lemma orthonormal_columns:
  assumes "orthonormal n n q" "a < n" "b < n"
  shows "(\<Sum>i<n. q i a * q i b) = (if a = b then 1 else 0)"
proof -
  define Q where "Q = mat n n (\<lambda>(a,i). q i a)"
  have Q: "Q \<in> carrier_mat n n" "transpose_mat Q \<in> carrier_mat n n" unfolding Q_def by auto
  have "transpose_mat Q * Q = 1\<^sub>m n"
    using assms(1) unfolding orthonormal_def Q_def
    by (intro eq_matI) (auto simp: scalar_prod_def lessThan_atLeast0 intro!: sum.cong)
  then have "Q * transpose_mat Q = 1\<^sub>m n" using mat_mult_left_right_inverse[OF Q(2,1)] by auto
  moreover have "(Q * transpose_mat Q) $$ (a,b) = (\<Sum>i<n. q i a * q i b)"
    using assms unfolding Q_def by (auto simp: scalar_prod_def lessThan_atLeast0 intro!: sum.cong)
  ultimately show ?thesis using assms by auto
qed

lemma orthonormal_expansion:
  assumes "orthonormal n n q" "a < n"
  shows "x a = (\<Sum>i<n. (\<Sum>b<n. q i b * x b) * q i a)"
proof -
  have "(\<Sum>i<n. (\<Sum>b<n. q i b * x b) * q i a) = (\<Sum>i<n. \<Sum>b<n. x b * (q i b * q i a))"
    by (simp add: sum_distrib_right sum_distrib_left mult_ac)
  also have "\<dots> = (\<Sum>b<n. x b * (\<Sum>i<n. q i b * q i a))"
    by (subst sum.swap) (simp add: sum_distrib_left)
  also have "\<dots> = (\<Sum>b<n. if b = a then x b else 0)"
    using orthonormal_columns[OF assms(1) _ assms(2)] by (intro sum.cong) auto
  also have "\<dots> = x a"
    using assms(2) by simp
  finally show ?thesis by simp
qed

lemma orthonormal_coefficients:
  assumes "orthonormal n n q" "m \<le> n" "i < n"
  shows "(\<Sum>a<n. q i a * (\<Sum>c<n - m. y c * q (m + c) a)) = (if m \<le> i then y (i - m) else 0)"
proof -
  have "(\<Sum>a<n. q i a * (\<Sum>c<n - m. y c * q (m + c) a))
      = (\<Sum>c<n - m. \<Sum>a<n. q i a * (y c * q (m + c) a))"
    by (rule sum_mult_sum_swap)
  also have "\<dots> = (\<Sum>c<n - m. y c * (\<Sum>a<n. q i a * q (m + c) a))"
    by (simp add: sum_distrib_left mult_ac)
  also have "\<dots> = (\<Sum>c<n - m. if c = i - m \<and> m \<le> i then y c else 0)"
    using assms unfolding orthonormal_def by (intro sum.cong) auto
  also have "\<dots> = (if m \<le> i then y (i - m) else 0)"
    using assms(3) by auto
  finally show ?thesis .
qed

lemma real_matrix_has_complex_eigenvector:
  fixes S :: "nat \<Rightarrow> nat \<Rightarrow> real"
  assumes "0 < n"
  shows "\<exists>z v. (\<exists>a<n. v a \<noteq> 0) \<and> (\<forall>a<n. (\<Sum>b<n. complex_of_real (S a b) * v b) = z * v a)"
proof -
  define A :: "complex mat" where "A = mat n n (\<lambda>(a,b). complex_of_real (S a b))"
  have A: "A \<in> carrier_mat n n" unfolding A_def by auto
  have "degree (char_poly A) = n" using degree_monic_char_poly[OF A] by auto
  then have "\<not> constant (poly (char_poly A))" using assms by (simp add: constant_degree)
  then obtain z where "poly (char_poly A) z = 0" using fundamental_theorem_of_algebra by blast
  then have "eigenvalue A z" using eigenvalue_root_char_poly[OF A] by auto
  then obtain v where "v \<in> carrier_vec n" "v \<noteq> 0\<^sub>v n" "A *\<^sub>v v = z \<cdot>\<^sub>v v"
    unfolding eigenvalue_def eigenvector_def using A by auto
  moreover have "(A *\<^sub>v v) $ a = (\<Sum>b<n. complex_of_real (S a b) * v $ b)"
    if "a < n" "v \<in> carrier_vec n" for a
    using that unfolding A_def by (auto simp: scalar_prod_def lessThan_atLeast0 intro: sum.cong)
  ultimately show ?thesis
    by (intro exI[of _ z] exI[of _ "\<lambda>a. v $ a"])
      (metis carrier_vecD eq_vecI index_smult_vec(1) index_zero_vec(1,2))
qed

lemma symmetric_complex_eigenvalue_real:
  fixes S :: "nat \<Rightarrow> nat \<Rightarrow> real"
  assumes sym: "\<And>a b. a < n \<Longrightarrow> b < n \<Longrightarrow> S a b = S b a"
    and v: "\<exists>a<n. v a \<noteq> 0" and eig: "\<forall>a<n. (\<Sum>b<n. complex_of_real (S a b) * v b) = z * v a"
  shows "Im z = 0"
proof -
  define X where "X = (\<Sum>a<n. \<Sum>b<n. complex_of_real (S a b) * cnj (v a) * v b)"
  define r where "r = (\<Sum>a<n. (cmod (v a))\<^sup>2)"
  obtain a0 where "a0 < n" "v a0 \<noteq> 0" using v by blast
  then have "r > 0" unfolding r_def by (intro sum_pos2[of _ a0]) auto
  have "X = (\<Sum>a<n. cnj (v a) * (\<Sum>b<n. complex_of_real (S a b) * v b))"
    unfolding X_def by (auto simp: sum_distrib_left mult_ac intro!: sum.cong)
  also have "\<dots> = z * (\<Sum>a<n. v a * cnj (v a))"
    using eig by (simp add: sum_distrib_left mult_ac)
  also have "\<dots> = z * complex_of_real r"
    unfolding r_def by (simp only: of_real_sum complex_norm_square)
  finally have X: "X = z * complex_of_real r" .
  have "cnj X = (\<Sum>a<n. \<Sum>b<n. complex_of_real (S a b) * v a * cnj (v b))"
    unfolding X_def by simp
  also have "\<dots> = (\<Sum>b<n. \<Sum>a<n. complex_of_real (S a b) * v a * cnj (v b))"
    by (rule sum.swap)
  also have "\<dots> = X" unfolding X_def by (auto simp: sym mult_ac intro!: sum.cong)
  finally have "cnj z * complex_of_real r = z * complex_of_real r"
    using X by (metis complex_cnj_complex_of_real complex_cnj_mult)
  then have "cnj z = z" using \<open>r > 0\<close> by simp
  then show ?thesis by (simp add: complex_eq_iff)
qed

lemma symmetric_has_real_eigenvector:
  fixes S :: "nat \<Rightarrow> nat \<Rightarrow> real"
  assumes "0 < n" and sym: "\<And>a b. a < n \<Longrightarrow> b < n \<Longrightarrow> S a b = S b a"
  shows "\<exists>\<mu> x. (\<exists>a<n. x a \<noteq> 0) \<and> (\<forall>a<n. (\<Sum>b<n. S a b * x b) = \<mu> * x a)"
proof -
  obtain z v where v: "\<exists>a<n. v a \<noteq> 0"
    and eig: "\<forall>a<n. (\<Sum>b<n. complex_of_real (S a b) * v b) = z * v a"
    using real_matrix_has_complex_eigenvector[OF assms(1)] by blast
  have "Im z = 0" by (rule symmetric_complex_eigenvalue_real[OF sym v eig])
  then have re: "(\<Sum>b<n. S a b * Re (v b)) = Re z * Re (v a)"
    and im: "(\<Sum>b<n. S a b * Im (v b)) = Re z * Im (v a)" if "a < n" for a
    using arg_cong[OF eig[rule_format, OF that], of Re] arg_cong[OF eig[rule_format, OF that], of Im]
    by (simp_all add: Re_sum Im_sum)
  obtain a0 where a0: "a0 < n" "v a0 \<noteq> 0" using v by blast
  show ?thesis
  proof (cases "Re (v a0) = 0")
    case True
    then have "Im (v a0) \<noteq> 0" using a0(2) by (simp add: complex_eq_iff)
    then show ?thesis using a0(1) im by (intro exI[of _ "Re z"] exI[of _ "\<lambda>b. Im (v b)"]) auto
  next
    case False
    then show ?thesis using a0(1) re by (intro exI[of _ "Re z"] exI[of _ "\<lambda>b. Re (v b)"]) auto
  qed
qed

lemma symmetric_bilinear_commute:
  fixes S :: "nat \<Rightarrow> nat \<Rightarrow> real"
  assumes sym: "\<And>a b. a < n \<Longrightarrow> b < n \<Longrightarrow> S a b = S b a"
  shows "(\<Sum>a<n. u a * (\<Sum>b<n. S a b * v b)) = (\<Sum>a<n. v a * (\<Sum>b<n. S a b * u b))"
proof -
  have "(\<Sum>a<n. u a * (\<Sum>b<n. S a b * v b)) = (\<Sum>a<n. \<Sum>b<n. v b * (S b a * u a))"
    using sym by (auto simp: sum_distrib_left mult_ac intro!: sum.cong)
  also have "\<dots> = (\<Sum>a<n. v a * (\<Sum>b<n. S a b * u b))"
    by (subst sum.swap) (simp add: sum_distrib_left)
  finally show ?thesis .
qed

lemma symmetric_inner_eigenvector:
  fixes S :: "nat \<Rightarrow> nat \<Rightarrow> real"
  assumes sym: "\<And>a b. a < n \<Longrightarrow> b < n \<Longrightarrow> S a b = S b a"
    and eig: "\<forall>a<n. (\<Sum>b<n. S a b * v b) = \<mu> * v a"
  shows "(\<Sum>a<n. v a * (\<Sum>b<n. S a b * z b)) = \<mu> * (\<Sum>a<n. v a * z a)"
proof -
  have "(\<Sum>a<n. v a * (\<Sum>b<n. S a b * z b)) = (\<Sum>a<n. z a * (\<Sum>b<n. S a b * v b))"
    by (rule symmetric_bilinear_commute[OF sym])
  also have "\<dots> = \<mu> * (\<Sum>a<n. v a * z a)"
    using eig by (simp add: sum_distrib_left mult_ac)
  finally show ?thesis .
qed

lemma symmetric_eigenvector_orthogonal:
  fixes S q :: "nat \<Rightarrow> nat \<Rightarrow> real" and l :: "nat \<Rightarrow> real"
  assumes sym: "\<And>a b. a < n \<Longrightarrow> b < n \<Longrightarrow> S a b = S b a"
    and q: "orthonormal n m q" and "m < n"
    and eig: "\<And>i a. i < m \<Longrightarrow> a < n \<Longrightarrow> (\<Sum>b<n. S a b * q i b) = l i * q i a"
  shows "\<exists>u \<mu>. (\<forall>i<m. (\<Sum>a<n. q i a * u a) = 0) \<and> (\<Sum>a<n. u a * u a) = 1
          \<and> (\<forall>a<n. (\<Sum>b<n. S a b * u b) = \<mu> * u a)"
proof -
  obtain q' where q'q: "\<forall>i<m. q' i = q i" and q': "orthonormal n n q'"
    using orthonormal_extend[OF q] \<open>m < n\<close> by auto
  \<comment> \<open>restriction of \<open>S\<close> to the span of \<open>q' m, \<dots>, q' (n - 1)\<close>, in that basis\<close>
  define T where "T c d = (\<Sum>a<n. q' (m + c) a * (\<Sum>b<n. S a b * q' (m + d) b))" for c d
  have "T c d = T d c" if "c < n - m" "d < n - m" for c d
    unfolding T_def by (rule symmetric_bilinear_commute[OF sym])
  then obtain \<mu> y where y: "\<exists>c<n - m. y c \<noteq> 0" "\<forall>c<n - m. (\<Sum>d<n - m. T c d * y d) = \<mu> * y c"
    using symmetric_has_real_eigenvector[of "n - m" T] \<open>m < n\<close> by auto
  define z where "z a = (\<Sum>c<n - m. y c * q' (m + c) a)" for a
  have cz: "(\<Sum>a<n. q' i a * z a) = (if m \<le> i then y (i - m) else 0)" if "i < n" for i
    unfolding z_def using orthonormal_coefficients[OF q'] \<open>m < n\<close> that by simp
  have cw: "(\<Sum>a<n. q' i a * (\<Sum>b<n. S a b * z b)) = \<mu> * (\<Sum>a<n. q' i a * z a)" if "i < n" for i
  proof (cases "m \<le> i")
    case False
    then have "(\<Sum>a<n. q' i a * (\<Sum>b<n. S a b * z b)) = l i * (\<Sum>a<n. q' i a * z a)"
      using q'q eig by (intro symmetric_inner_eigenvector[OF sym]) auto
    then show ?thesis using cz[OF that] False by simp
  next
    case True
    have "(\<Sum>a<n. q' i a * (\<Sum>b<n. S a b * z b)) = (\<Sum>d<n - m. T (i - m) d * y d)"
      unfolding T_def z_def using True
      by (simp add: sum_distrib_left sum_distrib_right mult_ac sum.swap[of _ "{..<n}" "{..<n - m}"])
    then show ?thesis using y(2) cz[OF that] True that by auto
  qed
  have Sz: "(\<Sum>b<n. S a b * z b) = \<mu> * z a" if "a < n" for a
  proof -
    have "(\<Sum>b<n. S a b * z b) = (\<Sum>i<n. (\<Sum>c<n. q' i c * (\<Sum>b<n. S c b * z b)) * q' i a)"
      by (rule orthonormal_expansion[OF q' that])
    also have "\<dots> = (\<Sum>i<n. \<mu> * ((\<Sum>c<n. q' i c * z c) * q' i a))"
      by (intro sum.cong refl) (simp add: cw)
    also have "\<dots> = \<mu> * (\<Sum>i<n. (\<Sum>c<n. q' i c * z c) * q' i a)"
      by (simp only: sum_distrib_left)
    also have "\<dots> = \<mu> * z a"
      using orthonormal_expansion[OF q' that, of z] by simp
    finally show ?thesis .
  qed
  obtain c0 where "c0 < n - m" "y c0 \<noteq> 0" using y(1) by blast
  then have "(\<Sum>a<n. q' (m + c0) a * z a) \<noteq> 0" using cz[of "m + c0"] by simp
  then have "\<exists>a<n. z a \<noteq> 0" by (metis (no_types, lifting) mult_zero_right lessThan_iff sum.neutral)
  then obtain c where c: "c > 0" "(\<Sum>a<n. (z a / c) * (z a / c)) = 1"
    using exists_normalizing_scalar by blast
  have "(\<Sum>a<n. q i a * (z a / c)) = 0" if "i < m" for i
    using cz[of i] q'q that \<open>m < n\<close> by (simp add: sum_divide_distrib[symmetric])
  moreover have "(\<Sum>b<n. S a b * (z b / c)) = \<mu> * (z a / c)" if "a < n" for a
    using Sz[OF that] by (simp add: sum_divide_distrib[symmetric])
  ultimately show ?thesis using c(2) by (intro exI[of _ "\<lambda>a. z a / c"] exI[of _ \<mu>]) auto
qed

━━━━━━━━━━━━━━━━

Retrieve each line of the data in which the word "cases" can be found.

TASK ANSWER:
  proof (cases "Re (v a0) = 0")
  proof (cases "m \<le> i")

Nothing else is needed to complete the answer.